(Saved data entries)
########################################

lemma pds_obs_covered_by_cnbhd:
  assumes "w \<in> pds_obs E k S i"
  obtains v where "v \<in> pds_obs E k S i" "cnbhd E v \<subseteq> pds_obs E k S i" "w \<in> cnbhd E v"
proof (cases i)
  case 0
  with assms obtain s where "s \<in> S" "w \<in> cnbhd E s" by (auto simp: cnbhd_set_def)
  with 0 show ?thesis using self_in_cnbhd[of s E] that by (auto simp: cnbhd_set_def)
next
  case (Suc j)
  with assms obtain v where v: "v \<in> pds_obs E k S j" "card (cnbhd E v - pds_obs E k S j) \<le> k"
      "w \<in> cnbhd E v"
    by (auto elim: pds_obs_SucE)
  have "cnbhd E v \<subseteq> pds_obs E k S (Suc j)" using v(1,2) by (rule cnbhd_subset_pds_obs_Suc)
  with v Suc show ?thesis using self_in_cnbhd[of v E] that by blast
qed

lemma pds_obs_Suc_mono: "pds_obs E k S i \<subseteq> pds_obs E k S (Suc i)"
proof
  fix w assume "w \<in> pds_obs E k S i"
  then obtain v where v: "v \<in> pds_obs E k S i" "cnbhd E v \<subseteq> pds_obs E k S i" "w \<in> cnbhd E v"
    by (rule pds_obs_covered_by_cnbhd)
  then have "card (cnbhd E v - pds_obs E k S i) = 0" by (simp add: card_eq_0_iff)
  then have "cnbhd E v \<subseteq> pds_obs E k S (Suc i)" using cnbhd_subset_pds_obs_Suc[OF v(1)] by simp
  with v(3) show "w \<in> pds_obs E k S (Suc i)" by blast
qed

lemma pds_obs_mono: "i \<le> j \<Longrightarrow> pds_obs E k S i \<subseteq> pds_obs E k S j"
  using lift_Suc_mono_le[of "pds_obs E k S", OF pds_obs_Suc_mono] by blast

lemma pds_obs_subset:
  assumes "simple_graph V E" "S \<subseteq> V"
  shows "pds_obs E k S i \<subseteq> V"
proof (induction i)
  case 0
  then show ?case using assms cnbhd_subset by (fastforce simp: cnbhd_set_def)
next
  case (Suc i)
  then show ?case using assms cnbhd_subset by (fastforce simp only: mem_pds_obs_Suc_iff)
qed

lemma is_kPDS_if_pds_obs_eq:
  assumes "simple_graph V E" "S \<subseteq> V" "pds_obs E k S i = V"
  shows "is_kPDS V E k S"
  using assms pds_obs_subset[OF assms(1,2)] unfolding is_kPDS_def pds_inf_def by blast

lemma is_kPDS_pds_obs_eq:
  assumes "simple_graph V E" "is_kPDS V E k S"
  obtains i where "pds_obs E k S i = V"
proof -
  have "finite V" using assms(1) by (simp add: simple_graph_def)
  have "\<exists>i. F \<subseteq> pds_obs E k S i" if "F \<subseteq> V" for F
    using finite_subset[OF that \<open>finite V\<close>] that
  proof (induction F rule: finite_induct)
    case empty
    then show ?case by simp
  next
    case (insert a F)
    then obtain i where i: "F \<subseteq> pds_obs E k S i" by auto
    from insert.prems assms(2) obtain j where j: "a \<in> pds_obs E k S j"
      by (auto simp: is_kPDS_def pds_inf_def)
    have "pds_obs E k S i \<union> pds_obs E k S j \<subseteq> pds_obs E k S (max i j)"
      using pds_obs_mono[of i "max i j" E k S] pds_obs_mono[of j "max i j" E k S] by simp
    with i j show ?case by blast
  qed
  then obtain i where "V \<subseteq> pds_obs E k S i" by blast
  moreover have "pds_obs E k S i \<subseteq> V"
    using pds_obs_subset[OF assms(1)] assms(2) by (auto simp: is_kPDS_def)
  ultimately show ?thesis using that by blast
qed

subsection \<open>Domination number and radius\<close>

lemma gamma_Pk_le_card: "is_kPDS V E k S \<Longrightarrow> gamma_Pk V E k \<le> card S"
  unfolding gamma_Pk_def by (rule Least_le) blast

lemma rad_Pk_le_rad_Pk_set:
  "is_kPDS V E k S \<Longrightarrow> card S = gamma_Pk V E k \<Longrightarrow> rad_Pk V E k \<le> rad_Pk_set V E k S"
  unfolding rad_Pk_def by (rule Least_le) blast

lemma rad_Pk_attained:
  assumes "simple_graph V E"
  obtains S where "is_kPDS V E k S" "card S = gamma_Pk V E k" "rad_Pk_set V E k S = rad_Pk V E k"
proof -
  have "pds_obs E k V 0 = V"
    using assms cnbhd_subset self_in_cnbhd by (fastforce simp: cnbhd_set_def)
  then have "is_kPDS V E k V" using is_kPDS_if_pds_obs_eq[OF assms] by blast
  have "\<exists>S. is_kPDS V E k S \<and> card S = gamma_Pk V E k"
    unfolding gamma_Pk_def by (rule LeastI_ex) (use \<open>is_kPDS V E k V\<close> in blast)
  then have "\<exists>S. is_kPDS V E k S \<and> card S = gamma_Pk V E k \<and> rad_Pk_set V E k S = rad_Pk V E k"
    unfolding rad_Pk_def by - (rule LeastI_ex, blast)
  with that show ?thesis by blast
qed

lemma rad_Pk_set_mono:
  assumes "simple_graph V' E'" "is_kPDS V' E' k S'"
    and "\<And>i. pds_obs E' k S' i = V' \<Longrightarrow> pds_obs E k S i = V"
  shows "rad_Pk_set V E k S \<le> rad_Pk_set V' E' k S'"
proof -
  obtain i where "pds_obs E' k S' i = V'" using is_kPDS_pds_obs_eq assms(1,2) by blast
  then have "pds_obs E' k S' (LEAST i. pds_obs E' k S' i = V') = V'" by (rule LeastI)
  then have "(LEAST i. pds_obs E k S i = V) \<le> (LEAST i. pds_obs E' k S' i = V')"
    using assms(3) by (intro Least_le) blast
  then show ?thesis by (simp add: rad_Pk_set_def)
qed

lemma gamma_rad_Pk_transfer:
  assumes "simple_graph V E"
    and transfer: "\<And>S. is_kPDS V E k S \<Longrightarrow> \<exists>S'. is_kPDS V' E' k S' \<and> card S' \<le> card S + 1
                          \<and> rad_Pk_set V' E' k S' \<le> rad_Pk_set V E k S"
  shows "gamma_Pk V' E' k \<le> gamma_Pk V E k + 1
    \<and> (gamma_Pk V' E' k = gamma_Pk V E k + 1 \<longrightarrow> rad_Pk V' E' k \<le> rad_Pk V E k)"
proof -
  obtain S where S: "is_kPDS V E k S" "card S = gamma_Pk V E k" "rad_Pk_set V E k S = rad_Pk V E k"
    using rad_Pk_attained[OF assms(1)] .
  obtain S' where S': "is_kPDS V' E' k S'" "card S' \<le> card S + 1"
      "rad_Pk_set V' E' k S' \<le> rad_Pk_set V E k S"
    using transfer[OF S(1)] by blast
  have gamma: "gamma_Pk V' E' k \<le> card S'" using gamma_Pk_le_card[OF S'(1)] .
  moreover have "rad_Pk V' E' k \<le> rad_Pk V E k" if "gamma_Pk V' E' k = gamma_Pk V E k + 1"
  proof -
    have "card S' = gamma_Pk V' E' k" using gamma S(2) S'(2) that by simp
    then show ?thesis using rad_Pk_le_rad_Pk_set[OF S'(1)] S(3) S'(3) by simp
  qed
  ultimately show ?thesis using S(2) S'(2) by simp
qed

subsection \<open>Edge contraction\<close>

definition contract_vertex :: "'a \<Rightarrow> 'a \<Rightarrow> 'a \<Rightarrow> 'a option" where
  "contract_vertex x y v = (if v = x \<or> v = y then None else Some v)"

########################################

__Work required__: Each line of the data should be reproduced exactly as it appears.

__Written reply__:
lemma pds_obs_covered_by_cnbhd:
  assumes "w \<in> pds_obs E k S i"
  obtains v where "v \<in> pds_obs E k S i" "cnbhd E v \<subseteq> pds_obs E k S i" "w \<in> cnbhd E v"
proof (cases i)
  case 0
  with assms obtain s where "s \<in> S" "w \<in> cnbhd E s" by (auto simp: cnbhd_set_def)
  with 0 show ?thesis using self_in_cnbhd[of s E] that by (auto simp: cnbhd_set_def)
next
  case (Suc j)
  with assms obtain v where v: "v \<in> pds_obs E k S j" "card (cnbhd E v - pds_obs E k S j) \<le> k"
      "w \<in> cnbhd E v"
    by (auto elim: pds_obs_SucE)
  have "cnbhd E v \<subseteq> pds_obs E k S (Suc j)" using v(1,2) by (rule cnbhd_subset_pds_obs_Suc)
  with v Suc show ?thesis using self_in_cnbhd[of v E] that by blast
qed

lemma pds_obs_Suc_mono: "pds_obs E k S i \<subseteq> pds_obs E k S (Suc i)"
proof
  fix w assume "w \<in> pds_obs E k S i"
  then obtain v where v: "v \<in> pds_obs E k S i" "cnbhd E v \<subseteq> pds_obs E k S i" "w \<in> cnbhd E v"
    by (rule pds_obs_covered_by_cnbhd)
  then have "card (cnbhd E v - pds_obs E k S i) = 0" by (simp add: card_eq_0_iff)
  then have "cnbhd E v \<subseteq> pds_obs E k S (Suc i)" using cnbhd_subset_pds_obs_Suc[OF v(1)] by simp
  with v(3) show "w \<in> pds_obs E k S (Suc i)" by blast
qed

lemma pds_obs_mono: "i \<le> j \<Longrightarrow> pds_obs E k S i \<subseteq> pds_obs E k S j"
  using lift_Suc_mono_le[of "pds_obs E k S", OF pds_obs_Suc_mono] by blast

lemma pds_obs_subset:
  assumes "simple_graph V E" "S \<subseteq> V"
  shows "pds_obs E k S i \<subseteq> V"
proof (induction i)
  case 0
  then show ?case using assms cnbhd_subset by (fastforce simp: cnbhd_set_def)
next
  case (Suc i)
  then show ?case using assms cnbhd_subset by (fastforce simp only: mem_pds_obs_Suc_iff)
qed

lemma is_kPDS_if_pds_obs_eq:
  assumes "simple_graph V E" "S \<subseteq> V" "pds_obs E k S i = V"
  shows "is_kPDS V E k S"
  using assms pds_obs_subset[OF assms(1,2)] unfolding is_kPDS_def pds_inf_def by blast

lemma is_kPDS_pds_obs_eq:
  assumes "simple_graph V E" "is_kPDS V E k S"
  obtains i where "pds_obs E k S i = V"
proof -
  have "finite V" using assms(1) by (simp add: simple_graph_def)
  have "\<exists>i. F \<subseteq> pds_obs E k S i" if "F \<subseteq> V" for F
    using finite_subset[OF that \<open>finite V\<close>] that
  proof (induction F rule: finite_induct)
    case empty
    then show ?case by simp
  next
    case (insert a F)
    then obtain i where i: "F \<subseteq> pds_obs E k S i" by auto
    from insert.prems assms(2) obtain j where j: "a \<in> pds_obs E k S j"
      by (auto simp: is_kPDS_def pds_inf_def)
    have "pds_obs E k S i \<union> pds_obs E k S j \<subseteq> pds_obs E k S (max i j)"
      using pds_obs_mono[of i "max i j" E k S] pds_obs_mono[of j "max i j" E k S] by simp
    with i j show ?case by blast
  qed
  then obtain i where "V \<subseteq> pds_obs E k S i" by blast
  moreover have "pds_obs E k S i \<subseteq> V"
    using pds_obs_subset[OF assms(1)] assms(2) by (auto simp: is_kPDS_def)
  ultimately show ?thesis using that by blast
qed

subsection \<open>Domination number and radius\<close>

lemma gamma_Pk_le_card: "is_kPDS V E k S \<Longrightarrow> gamma_Pk V E k \<le> card S"
  unfolding gamma_Pk_def by (rule Least_le) blast

lemma rad_Pk_le_rad_Pk_set:
  "is_kPDS V E k S \<Longrightarrow> card S = gamma_Pk V E k \<Longrightarrow> rad_Pk V E k \<le> rad_Pk_set V E k S"
  unfolding rad_Pk_def by (rule Least_le) blast

lemma rad_Pk_attained:
  assumes "simple_graph V E"
  obtains S where "is_kPDS V E k S" "card S = gamma_Pk V E k" "rad_Pk_set V E k S = rad_Pk V E k"
proof -
  have "pds_obs E k V 0 = V"
    using assms cnbhd_subset self_in_cnbhd by (fastforce simp: cnbhd_set_def)
  then have "is_kPDS V E k V" using is_kPDS_if_pds_obs_eq[OF assms] by blast
  have "\<exists>S. is_kPDS V E k S \<and> card S = gamma_Pk V E k"
    unfolding gamma_Pk_def by (rule LeastI_ex) (use \<open>is_kPDS V E k V\<close> in blast)
  then have "\<exists>S. is_kPDS V E k S \<and> card S = gamma_Pk V E k \<and> rad_Pk_set V E k S = rad_Pk V E k"
    unfolding rad_Pk_def by - (rule LeastI_ex, blast)
  with that show ?thesis by blast
qed

lemma rad_Pk_set_mono:
  assumes "simple_graph V' E'" "is_kPDS V' E' k S'"
    and "\<And>i. pds_obs E' k S' i = V' \<Longrightarrow> pds_obs E k S i = V"
  shows "rad_Pk_set V E k S \<le> rad_Pk_set V' E' k S'"
proof -
  obtain i where "pds_obs E' k S' i = V'" using is_kPDS_pds_obs_eq assms(1,2) by blast
  then have "pds_obs E' k S' (LEAST i. pds_obs E' k S' i = V') = V'" by (rule LeastI)
  then have "(LEAST i. pds_obs E k S i = V) \<le> (LEAST i. pds_obs E' k S' i = V')"
    using assms(3) by (intro Least_le) blast
  then show ?thesis by (simp add: rad_Pk_set_def)
qed

lemma gamma_rad_Pk_transfer:
  assumes "simple_graph V E"
    and transfer: "\<And>S. is_kPDS V E k S \<Longrightarrow> \<exists>S'. is_kPDS V' E' k S' \<and> card S' \<le> card S + 1
                          \<and> rad_Pk_set V' E' k S' \<le> rad_Pk_set V E k S"
  shows "gamma_Pk V' E' k \<le> gamma_Pk V E k + 1
    \<and> (gamma_Pk V' E' k = gamma_Pk V E k + 1 \<longrightarrow> rad_Pk V' E' k \<le> rad_Pk V E k)"
proof -
  obtain S where S: "is_kPDS V E k S" "card S = gamma_Pk V E k" "rad_Pk_set V E k S = rad_Pk V E k"
    using rad_Pk_attained[OF assms(1)] .
  obtain S' where S': "is_kPDS V' E' k S'" "card S' \<le> card S + 1"
      "rad_Pk_set V' E' k S' \<le> rad_Pk_set V E k S"
    using transfer[OF S(1)] by blast
  have gamma: "gamma_Pk V' E' k \<le> card S'" using gamma_Pk_le_card[OF S'(1)] .
  moreover have "rad_Pk V' E' k \<le> rad_Pk V E k" if "gamma_Pk V' E' k = gamma_Pk V E k + 1"
  proof -
    have "card S' = gamma_Pk V' E' k" using gamma S(2) S'(2) that by simp
    then show ?thesis using rad_Pk_le_rad_Pk_set[OF S'(1)] S(3) S'(3) by simp
  qed
  ultimately show ?thesis using S(2) S'(2) by simp
qed

subsection \<open>Edge contraction\<close>

definition contract_vertex :: "'a \<Rightarrow> 'a \<Rightarrow> 'a \<Rightarrow> 'a option" where
  "contract_vertex x y v = (if v = x \<or> v = y then None else Some v)"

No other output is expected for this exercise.